Indochina Adventure (Part 9) – Down the Cu Chi Tunnels

My brother-in-law Paul trying a tunnel for size!

After a great day exploring up the Mekong Delta for today we had opted to visit the Cu Chi Tunnels.

Cu Chi played host to 18,000 guerillas during The Vietnam War and they waged a hit and run war against American forces from the 125 miles of hand-dug passageways. Today parts of this tunnel network have been opened up to the public giving a glimpse of what life must have been like for those living through this period in history.

Peasant soldiers first started digging into the ground in the late 1940’s during the French War. By 1967 and the American intervention in Vietnam the tunnels complex consisted of aid stations, kitchens, theaters, dormitories, weapon caches and wells. The network was so extensive and complex that it had three layers to it and went down up to 30 feet underground, so deep did it go that the 25th U.S. Infantry actually situated their base unwittingly above part of the complex.

I had been really looking forward to visiting the tunnels and especially at having a go on the firing range but I have to admit that the tunnels proved to be one of the big let-downs of our trip around Vietnam.

Amateur looking mock soldier - although his stare was real enough!

The entire area had become a mass tourist trap (and it felt like it). Aussies, Americans, French and the odd Brit all jostled and pushed, shoved and barged their way around the tunnels area, all desperate to get their pounds or dollars worth of flesh having paid their entrance money!

Together with the amateur looking mock soldiers in uniforms, fake wax dummies in the tunnels, plus the now manicured and cleared jungle tracks the whole place had become a bit of a parody. All sense of remoteness and of a stealthy unknown secret base had been well and truly lost. Tourists wearing sticky badges denoting their specific tour groups marched around between tunnel entrances pushing and shoving to get that perfect photo of their relative or co-holidaymaker emergingform the tunnel entrance in their regulation mock Rambo combat attire!

The Firing Range at Cu Chi

The firing range was a tardy affair with M60’s, AK47’s and M16’s all locked down on metal pedestals for firing, resulting in a lack of recoil and a loss of appreciation of the weight of these beasts of war. I still bought $10 worth of ammo but with the semi-automatic weapon locking twice and some noisy Aussie lout shouting in my earhole as he filmed the action using an iPad the moment I had been looking forward proved a massive anti-climax.

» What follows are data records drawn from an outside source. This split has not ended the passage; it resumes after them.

definition matroid :: "'a set \<Rightarrow> 'a set set \<Rightarrow> bool" where
  "matroid E Bs \<longleftrightarrow> finite E \<and> Bs \<noteq> {} \<and> (\<forall>B\<in>Bs. B \<subseteq> E) \<and>
     (\<forall>B1\<in>Bs. \<forall>B2\<in>Bs. \<forall>x\<in>B1 - B2. \<exists>y\<in>B2 - B1. insert y (B1 - {x}) \<in> Bs)"

definition dual_bases :: "'a set \<Rightarrow> 'a set set \<Rightarrow> 'a set set" where
  "dual_bases E Bs = (\<lambda>B. E - B) ` Bs"

definition indep :: "'a set set \<Rightarrow> 'a set \<Rightarrow> bool" where
  "indep Bs I \<longleftrightarrow> (\<exists>B\<in>Bs. I \<subseteq> B)"

definition circuit :: "'a set \<Rightarrow> 'a set set \<Rightarrow> 'a set \<Rightarrow> bool" where
  "circuit E Bs C \<longleftrightarrow> C \<subseteq> E \<and> \<not> indep Bs C \<and> (\<forall>x\<in>C. indep Bs (C - {x}))"

definition conn_rel :: "'a set \<Rightarrow> 'a set set \<Rightarrow> ('a \<times> 'a) set" where
  "conn_rel E Bs = {(x, y). x \<in> E \<and> y \<in> E \<and>
      (x = y \<or> (\<exists>C. circuit E Bs C \<and> x \<in> C \<and> y \<in> C))}"

definition num_components :: "'a set \<Rightarrow> 'a set set \<Rightarrow> nat" where
  "num_components E Bs = card (E // conn_rel E Bs)"

definition basis_dist :: "'a set \<Rightarrow> 'a set \<Rightarrow> nat" where
  "basis_dist B B' = card ((B - B') \<union> (B' - B))"

definition diam :: "'a set set \<Rightarrow> nat" where
  "diam S = Max {basis_dist B B' | B B'. B \<in> S \<and> B' \<in> S}"

definition borsuk_number :: "'a set set \<Rightarrow> enat" where
  "borsuk_number Bs = (if card Bs \<le> 1 then \<infinity> else
     enat (LEAST k. \<exists>P. partition_on Bs P \<and> card P = k \<and>
                        (\<forall>S\<in>P. diam S < diam Bs)))"

definition borsuk_property :: "'a set \<Rightarrow> 'a set set \<Rightarrow> bool" where
  "borsuk_property E Bs \<longleftrightarrow>
     borsuk_number Bs \<le> enat (card E - num_components E Bs + 1)"

end

(*
  If B1 and B2 are disjoint bases of rank r, the basis family has diameter 2r, while two bases
  sharing an element are at distance at most 2(r - 1).  Fix e in B1 and let D consist of e and
  all f with B1 - e + f a basis.  Every basis contains e or, by exchange against B1, such an f;
  grouping the bases by a common element of D therefore partitions them into at most |D| parts
  of smaller diameter.  The fundamental circuit of f with respect to B1 contains e, so D lies in
  one connected component, and the c components number at most n - |D| + 1.

  The dual case is the same argument with complements: if B1 and B2 cover E, two bases missing a
  common element are closer than B1 and B2, and the dual exchange property (for e in B - B1 some
  f in B1 - B makes B1 - f + e a basis) shows that every basis misses an element of the set D
  of e and all f with B1 - f + e a basis.
*)
theory Submission
  imports Defs
begin

lemma card_insert_remove:
  assumes "finite B" "x \<in> B" "y \<notin> B"
  shows "card (insert y (B - {x})) = card B"
proof -
  have "card B > 0"
    using assms card_gt_0_iff by blast
  then show ?thesis
    using assms by (simp add: card_Diff_singleton)
qed

lemma indep_subset: "indep Bs I \<Longrightarrow> J \<subseteq> I \<Longrightarrow> indep Bs J"
  unfolding indep_def by blast

lemma circuit_eq_if_subset:
  assumes "circuit E Bs C1" "circuit E Bs C2" "C1 \<subseteq> C2"
  shows "C1 = C2"
proof (rule ccontr)
  assume "C1 \<noteq> C2"
  then obtain x where "x \<in> C2" "C1 \<subseteq> C2 - {x}"
    using assms(3) by blast
  then show False
    using assms(1,2) indep_subset unfolding circuit_def by blast
qed

lemma basis_dist_le_diam:
  assumes "finite S" "B \<in> S" "B' \<in> S"
  shows "basis_dist B B' \<le> diam S"
proof -
  have "finite {basis_dist B B' | B B'. B \<in> S \<and> B' \<in> S}"
    using finite_image_set2[of "\<lambda>B. B \<in> S" "\<lambda>B. B \<in> S" basis_dist] assms(1) by simp
  then show ?thesis
    unfolding diam_def using assms by (auto intro: Max_ge)
qed

lemma diam_less:
  assumes "finite S" "S \<noteq> {}" "\<And>B B'. B \<in> S \<Longrightarrow> B' \<in> S \<Longrightarrow> basis_dist B B' < k"
  shows "diam S < k"
proof -
  let ?dists = "{basis_dist B B' | B B'. B \<in> S \<and> B' \<in> S}"
  have "finite ?dists"
    using finite_image_set2[of "\<lambda>B. B \<in> S" "\<lambda>B. B \<in> S" basis_dist] assms(1) by simp
  moreover have "?dists \<noteq> {}"
    using assms(2) by blast
  ultimately show ?thesis
    unfolding diam_def using assms(3) by (auto simp: Max_less_iff)
qed

lemma borsuk_number_le_card_cover:
  assumes "finite Bs" "B1 \<in> Bs" "B2 \<in> Bs" "finite D"
    and cover: "\<And>B. B \<in> Bs \<Longrightarrow> \<exists>d\<in>D. Q d B"
    and close: "\<And>d B B'. B \<in> Bs \<Longrightarrow> B' \<in> Bs \<Longrightarrow> Q d B \<Longrightarrow> Q d B' \<Longrightarrow>
                  basis_dist B B' < basis_dist B1 B2"
  shows "borsuk_number Bs \<le> enat (card D)"
proof -
  define g where "g B = (SOME d. d \<in> D \<and> Q d B)" for B
  have g: "g B \<in> D" "Q (g B) B" if "B \<in> Bs" for B
    using someI_ex[OF cover[OF that, unfolded Bex_def]] unfolding g_def by blast+
  have "basis_dist B1 B1 < basis_dist B1 B2"
    using close g(2) assms(2) by blast
  then have "B1 \<noteq> B2"
    by auto
  then have two_bases: "\<not> card Bs \<le> 1"
    using assms(1-3) card_le_Suc0_iff_eq by auto
  define P where "P = (\<lambda>d. {B \<in> Bs. g B = d}) ` g ` Bs"
  have "partition_on Bs P"
    by (rule partition_onI) (auto simp: P_def disjnt_def)
  moreover have "card P \<le> card D"
  proof -
    have "card P \<le> card (g ` Bs)"
      unfolding P_def using card_image_le assms(1) by blast
    also have "\<dots> \<le> card D"
      using g(1) by (intro card_mono assms(4)) blast
    finally show ?thesis .
  qed
  moreover have "diam S < diam Bs" if part: "S \<in> P" for S
  proof -
    obtain B0 where "B0 \<in> Bs" and S: "S = {B \<in> Bs. g B = g B0}"
      using part unfolding P_def by blast
    have "basis_dist B B' < basis_dist B1 B2" if "B \<in> S" "B' \<in> S" for B B'
    proof -
      have "B \<in> Bs" "B' \<in> Bs" "g B = g B0" "g B' = g B0"
        using that S by auto
      then show ?thesis
        using close g(2) by metis
    qed
    moreover have "finite S" "S \<noteq> {}"
      using S \<open>B0 \<in> Bs\<close> assms(1) by auto
    ultimately have "diam S < basis_dist B1 B2"
      by (intro diam_less)
    also have "\<dots> \<le> diam Bs"
      using basis_dist_le_diam assms(1-3) .
    finally show ?thesis .
  qed
  ultimately have "(LEAST k. \<exists>P. partition_on Bs P \<and> card P = k \<and> (\<forall>S\<in>P. diam S < diam Bs))
      \<le> card D"
    by (intro Least_le[THEN order_trans]) blast
  then show ?thesis
    unfolding borsuk_number_def using two_bases by simp
qed

lemma card_quotient_le:
  assumes "equiv A r" "finite A" "D \<subseteq> r `` {e}" "D \<noteq> {}"
  shows "card (A // r) + card D \<le> card A + 1"
proof -
  have "D \<subseteq> A"
    using assms(1,3) equiv_type by blast
  have "r `` {d} = r `` {e}" if "d \<in> D" for d
    using equiv_class_eq[OF assms(1)] that assms(3) by blast
  then have "A // r \<subseteq> (\<lambda>x. r `` {x}) ` (A - D) \<union> {r `` {e}}"
    unfolding quotient_def by blast
  then have "card (A // r) \<le> card ((\<lambda>x. r `` {x}) ` (A - D) \<union> {r `` {e}})"
    using assms(2) by (intro card_mono) auto
  also have "\<dots> \<le> card ((\<lambda>x. r `` {x}) ` (A - D)) + 1"
    using card_Un_le[of _ "{r `` {e}}"] by simp
  also have "\<dots> \<le> card A - card D + 1"
    using card_image_le[of "A - D"] card_Diff_subset[OF _ \<open>D \<subseteq> A\<close>] assms(2) \<open>D \<subseteq> A\<close>
    by (simp add: finite_subset)
  finally show ?thesis
    using card_mono[OF assms(2) \<open>D \<subseteq> A\<close>] by linarith
qed

locale matroid_bases =
  fixes E :: "'a set" and Bs :: "'a set set"
  assumes matroid: "matroid E Bs"
begin

lemma finite_ground: "finite E"
  using matroid unfolding matroid_def by blast

lemma basis_subset_ground: "B \<in> Bs \<Longrightarrow> B \<subseteq> E"
  using matroid unfolding matroid_def by blast

lemma basis_exchange:
  "B1 \<in> Bs \<Longrightarrow> B2 \<in> Bs \<Longrightarrow> x \<in> B1 - B2 \<Longrightarrow> \<exists>y\<in>B2 - B1. insert y (B1 - {x}) \<in> Bs"
  using matroid unfolding matroid_def by blast

lemma finite_basis: "B \<in> Bs \<Longrightarrow> finite B"
  using basis_subset_ground finite_ground finite_subset by blast

lemma finite_bases: "finite Bs"
  using finite_subset[of Bs "Pow E"] basis_subset_ground finite_ground by blast

lemma bases_card_eq:
  assumes "B1 \<in> Bs" "B2 \<in> Bs"
  shows "card B1 = card B2"
  using assms(1)
proof (induction "card (B1 - B2)" arbitrary: B1)
  case 0
  then have "B1 \<subseteq> B2"
    using finite_basis by auto
  moreover have "B2 \<subseteq> B1"
    using basis_exchange[OF assms(2) \<open>B1 \<in> Bs\<close>] calculation by blast
  ultimately show ?case
    by simp
next
  case (Suc n)
  obtain x where x: "x \<in> B1 - B2"
    using Suc.hyps(2) by (metis card.empty ex_in_conv nat.distinct(1))
  obtain y where y: "y \<in> B2 - B1" "insert y (B1 - {x}) \<in> Bs"
    using basis_exchange[OF Suc.prems assms(2) x] by blast
  have "insert y (B1 - {x}) - B2 = (B1 - B2) - {x}"
    using y by blast
  then have "n = card (insert y (B1 - {x}) - B2)"
    using Suc.hyps(2) x finite_basis[OF Suc.prems] by simp
  then have "card (insert y (B1 - {x})) = card B2"
    using Suc.hyps(1) y(2) by blast
  then show ?case
    using card_insert_remove[OF finite_basis[OF Suc.prems]] x y by simp
qed

lemma card_Diff_bases_commute:
  assumes "B1 \<in> Bs" "B2 \<in> Bs"
  shows "card (B1 - B2) = card (B2 - B1)"
proof -
  have "card (B1 - B2) = card B1 - card (B1 \<inter> B2)"
    using finite_basis[OF assms(1)] by (simp add: card_Diff_subset_Int)
  moreover have "card (B2 - B1) = card B2 - card (B1 \<inter> B2)"
    using finite_basis[OF assms(2)] by (simp add: card_Diff_subset_Int Int_commute)
  ultimately show ?thesis
    using bases_card_eq[OF assms] by simp
qed

lemma basis_dist_bases:
  assumes "B1 \<in> Bs" "B2 \<in> Bs"
  shows "basis_dist B1 B2 = 2 * card (B1 - B2)"
proof -
  have "basis_dist B1 B2 = card (B1 - B2) + card (B2 - B1)"
    unfolding basis_dist_def using finite_basis assms by (intro card_Un_disjoint) auto
  then show ?thesis
    using card_Diff_bases_commute[OF assms] by simp
qed

lemma bases_diff_nonempty:
  assumes "B1 \<in> Bs" "B2 \<in> Bs" "B1 \<noteq> B2"
  shows "B1 - B2 \<noteq> {}"
proof
  assume "B1 - B2 = {}"
  then have "card (B2 - B1) = 0"
    using card_Diff_bases_commute[OF assms(1,2)] by (metis card.empty)
  then have "B2 - B1 = {}"
    using finite_basis[OF assms(2)] by simp
  with \<open>B1 - B2 = {}\<close> show False
    using assms(3) by blast
qed

lemma basis_dist_less_if_common_element:
  assumes "B1 \<in> Bs" "B2 \<in> Bs" "B1 \<inter> B2 = {}"
    and "B \<in> Bs" "B' \<in> Bs" "d \<in> B" "d \<in> B'"
  shows "basis_dist B B' < basis_dist B1 B2"
proof -
  have "card (B - B') < card B"
    using assms(6,7) finite_basis[OF assms(4)] by (intro psubset_card_mono) auto
  also have "\<dots> = card (B1 - B2)"
    using bases_card_eq[OF assms(4,1)] assms(3) by (simp add: Diff_triv)
  finally show ?thesis
    using basis_dist_bases assms by simp
qed

lemma basis_dist_less_if_common_nonelement:
  assumes "B1 \<in> Bs" "B2 \<in> Bs" "B1 \<union> B2 = E"
    and "B \<in> Bs" "B' \<in> Bs" "d \<in> E - B" "d \<in> E - B'"
  shows "basis_dist B B' < basis_dist B1 B2"
proof -
  have "card (B - B') < card (E - B')"
    using assms(6,7) basis_subset_ground[OF assms(4)] finite_ground
    by (intro psubset_card_mono) auto
  also have "\<dots> = card (E - B2)"
    using bases_card_eq[OF assms(5,2)] finite_basis basis_subset_ground assms(2,5)
    by (simp add: card_Diff_subset)
  also have "E - B2 = B1 - B2"
    using assms(3) by blast
  finally show ?thesis
    using basis_dist_bases assms by simp
qed

lemma indep_card_le:
  assumes "indep Bs I" "B \<in> Bs"
  shows "card I \<le> card B"
proof -
  obtain B' where "B' \<in> Bs" "I \<subseteq> B'"
    using assms(1) unfolding indep_def by blast
  then have "card I \<le> card B'"
    using card_mono finite_basis by blast
  then show ?thesis
    using bases_card_eq[OF \<open>B' \<in> Bs\<close> assms(2)] by simp
qed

Needless to say I missed the target from less than 100m even with a tripod lock-down to aid me! No Medals of Honour to be dished out here!

The jungle setting of the Cu Chi Tunnels

The tunnels I suspect were once a real sight to see and explore but if this is the way that tourism is going in Vietnam then my only advice is to get to the country quickly, very quickly because it’s going to change fast and not in an entirely good way either.

The Map Room

I crawled along several tight, claustrophobic and dusty tunnels but never felt far away from the next tourist. To add insult to injury as we left the tunnels a stag-party all in hired US Jeeps decided to wheel spin in a cloud of dust and grit out of the crowded coach and car park just compounding my theory that the combination of weapons firing and war remnants plus cheap beer had made the tunnels a magnet for your typical all lads type boozy stag outing. (shakes head in disbelief!)

Eventually the day ended and we all headed wearily back to Saigon along a dusty country lane. A few minutes down the lane and we passed funnily enough (and at the time even funnier) an overturned Jeep presumably of one of the stag-party members, who in his drunken madness had managed to career off the road and into a ditch totalling the Jeep in the process. No-one seemed to be dead or injured this time but it was possibly a fore-taste of things to come for both the region and tourist attraction itself.

The silly boy Jeep Trip

In reality there is not much more to write about the day and our time was coming to an end in Saigon. We had a good night out back in the city having a drink on the rooftop of the famous Rex Hotel. The hotel was made famous during the Vietnam War when it was hosting the American military command‘s daily conference, derisively named “The Five O’Clock Follies” by cynical journalists who’d find the optimism of the American officers to be misguided. Its rooftop bar was a well-known hangout spot for military officials and war correspondents. Come the morning though it really felt that is was now time to leave the capital of the south and try and experience something a little bit different and luckily enough for us we were about to because we were about to catch a flight headed out of Vietnam and heading instead for deepest hottest Cambodia!